There are so many inaccuracies in this article as it relates to Amazon that they’re hard to count. We will name only a few of them here…
Amazon employs stringent security standards across our supply chain – investigating all hardware and software prior to going into production and performing regular security audits internally and with our supply chain partners. We further strengthen our security posture by implementing our own hardware designs for critical components such as processors, servers, storage systems, and networking equipment.
Security will always be our top priority. AWS is trusted by many of the world’s most risk-sensitive organizations precisely because we have demonstrated this unwavering commitment to putting their security above all else. We are constantly vigilant about potential threats to our customers, and we take swift and decisive action to address them whenever they are identified.

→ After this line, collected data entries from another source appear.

(* For integers $m\ge 1$ and $n\ge 0$ let $$D_n(m)=\sum_{k=0}^{n}\binom{n-k}{k}^{m},$$ where $\binom{a}{b}=0$ whenever $b>a$. Let $(F_j)_{j\ge0}$ be the Fibonacci numbers ($F_0=0$, $F_1=1$, $F_j=F_{j-1}+F_{j-2}$) and $(L_j)_{j\ge0}$ the Lucas numbers ($L_0=2$, $L_1=1$, $L_j=L_{j-1}+L_{j-2}$). Then for every positive integer $m$, $$\lim_{n\to\infty}\frac{D_{n+1}(m)}{D_n(m)}=\frac{F_m\sqrt5+L_m}{2}.$$
   Context: $D_n(m)$ is the number of $m$-tuples of tilings of a $2\times n$ strip by dominoes in which all tilings have the same number of vertical dominoes; equivalently, the number of $m$-tuples of compositions of $n$ with parts in $\{1,2\}$ all having the same number of parts. *)

theory Defs
  imports Complex_Main
begin

definition D :: "nat \<Rightarrow> nat \<Rightarrow> nat" where
  "D n m = (\<Sum>k = 0..n. ((n - k) choose k) ^ m)"

fun fibo :: "nat \<Rightarrow> nat" where
  "fibo 0 = 0"
| "fibo (Suc 0) = 1"
| "fibo (Suc (Suc j)) = fibo (Suc j) + fibo j"

fun lucas :: "nat \<Rightarrow> nat" where
  "lucas 0 = 2"
| "lucas (Suc 0) = 1"
| "lucas (Suc (Suc j)) = lucas (Suc j) + lucas j"

end

theory Submission
  imports Defs
begin

text \<open>With \<open>t(n,k) = C(n-k,k)\<close> we have \<open>D(n,m) = \<Sum>\<^sub>k t(n,k)\<^sup>m\<close>. For \<open>k \<approx> xn\<close>
  consecutive terms have ratio \<open>t(n,k+1)/t(n,k) \<approx> (1-2x)\<^sup>2/(x(1-x))\<close>, so row \<open>n\<close> grows
  geometrically up to \<open>alpha n\<close> and decays geometrically after it, where \<open>alpha = (5 - \<surd>5)/10\<close>
  solves \<open>(1-2x)\<^sup>2 = x(1-x)\<close>; thus all but a vanishing fraction of \<open>D(n,m)\<close> comes from \<open>k\<close>
  near \<open>alpha n\<close>. There \<open>t(n+1,k)/t(n,k) = (n+1-k)/(n+1-2k) \<approx> (1-alpha)/(1-2alpha) = (1+\<surd>5)/2\<close>,
  so \<open>D(n+1,m)/D(n,m)\<close> tends to \<open>((1+\<surd>5)/2)\<^sup>m = (F\<^sub>m\<surd>5 + L\<^sub>m)/2\<close>.\<close>

lemma ex_less_one_minus_mult:
  fixes x y :: real
  assumes "x < y" "0 < y"
  shows "\<exists>e. 0 < e \<and> e < 1 \<and> x < (1 - e) * y"
proof (intro exI conjI)
  define e where "e = min (1/2) ((y - x) / (2 * y))"
  show "0 < e" "e < 1" using assms by (auto simp: e_def)
  have "e * y \<le> (y - x) / (2 * y) * y" using assms by (intro mult_right_mono) (auto simp: e_def)
  also have "\<dots> = (y - x) / 2" using assms by simp
  finally show "x < (1 - e) * y" using assms by (simp add: algebra_simps)
qed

Apple has issued its own denial as well.
The Bloomberg article goes on:
The companies’ denials are countered by six current and former senior national security officials, who—in conversations that began during the Obama administration and continued under the Trump administration—detailed the discovery of the chips and the government’s investigation. One of those officials and two people inside AWS provided extensive information on how the attack played out at Elemental and Amazon; the official and one of the insiders also described Amazon’s cooperation with the government investigation. In addition to the three Apple insiders, four of the six U.S. officials confirmed that Apple was a victim. In all, 17 people confirmed the manipulation of Supermicro’s hardware and other elements of the attacks. The sources were granted anonymity because of the sensitive, and in some cases classified, nature of the information.

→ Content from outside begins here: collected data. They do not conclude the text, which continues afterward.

definition sort_positions :: "sort_alg \<Rightarrow> real list \<Rightarrow> nat list" where
  "sort_positions alg xs = map (\<lambda>k. alg (take (Suc k) xs)) [0..<length xs]"

definition sort_valid :: "real \<Rightarrow> nat \<Rightarrow> sort_alg \<Rightarrow> real list \<Rightarrow> bool" where
  "sort_valid \<gamma> n alg xs \<longleftrightarrow>
     (\<forall>p\<in>set (sort_positions alg xs). p < num_cells \<gamma> n) \<and> distinct (sort_positions alg xs)"

fun path_len :: "real list \<Rightarrow> real" where
  "path_len (a # b # rest) = \<bar>b - a\<bar> + path_len (b # rest)"
| "path_len _ = 0"

definition sorted_contents :: "sort_alg \<Rightarrow> real list \<Rightarrow> real list" where
  "sorted_contents alg xs =
     map (\<lambda>k. xs ! k) (sort_key (\<lambda>k. sort_positions alg xs ! k) [0..<length xs])"

definition sort_cost :: "sort_alg \<Rightarrow> real list \<Rightarrow> real" where
  "sort_cost alg xs = path_len (0 # sorted_contents alg xs @ [1])"

definition sort_competitive :: "real \<Rightarrow> nat \<Rightarrow> real \<Rightarrow> sort_alg \<Rightarrow> bool" where
  "sort_competitive \<gamma> n \<Delta> alg \<longleftrightarrow>
     (\<forall>xs. length xs = n \<and> (\<forall>x\<in>set xs. 0 \<le> x \<and> x \<le> 1) \<longrightarrow>
        sort_valid \<gamma> n alg xs \<and> sort_cost alg xs \<le> \<Delta>)"

end

(*
  A real s in [0,1] is encoded as the parallelogram of height 1 and width w = 1/n whose bottom
  edge is [0,w] and whose top edge is shifted right by s. Such a piece can only be translated
  horizontally inside the strip, and two of them with disjoint interiors are at horizontal
  distance at least w from each other both along the bottom and along the top edge. Offline, the
  n pieces placed side by side in order of increasing s cost n w + 1 = 2, so a C-competitive
  packer keeps every piece left of 2C. Storing s in cell floor(n a), where a is the offset of its
  piece, therefore uses fewer than 2Cn cells injectively. Reading the cells from left to right,
  consecutive offsets grow by at least w plus the amount by which the stored value decreases, so
  the total descent is at most 2C - n w = 2C - 1; the path length, which is 1 plus twice the
  descent, is at most 4C - 1.
*)

theory Submission
  imports Defs
begin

One government official says China’s goal was long-term access to high-value corporate secrets and sensitive government networks. No consumer data is known to have been stolen.
The ramifications of the attack continue to play out. The Trump administration has made computer and networking hardware, including motherboards, a focus of its latest round of trade sanctions against China, and White House officials have made it clear they think companies will begin shifting their supply chains to other countries as a result. Such a shift might assuage officials who have been warning for years about the security of the supply chain—even though they’ve never disclosed a major reason for their concerns.
How believable is this story? Some possible scenarios:
- If it is false, one possibility from a political perspective is that this story was manufactured by someone in the Trump administration or whom is otherwise motivated to advance US protectionist trade policies. This story increases FUD regarding essentially all modern technology infrastructure. However, such an effort would seemingly have required at least somewhat coordinated work of the “17” sources Bloomberg cited.
- If it is true, then why/how could Amazon and Apple plainly deny it? Unless there are logical exemptions in their denials due to intentionally specific choices of language, one possibility is that the PR staff responsible for issuing these denials are not in the loop on what happened. How could that be the case? I don’t know, unless this response is somehow being coordinated at very high levels due to overriding national security concerns.
It seems, at least, unusual to have such a seemingly deeply-reported story from a reputable publication be so flatly denied by Amazon and Apple. There are surely many questions unanswered by the public statements of those involved. Because this is a potential matter of national security, the completeness of information available to the public is likely to be low.
We will follow up if/as additional information comes forth.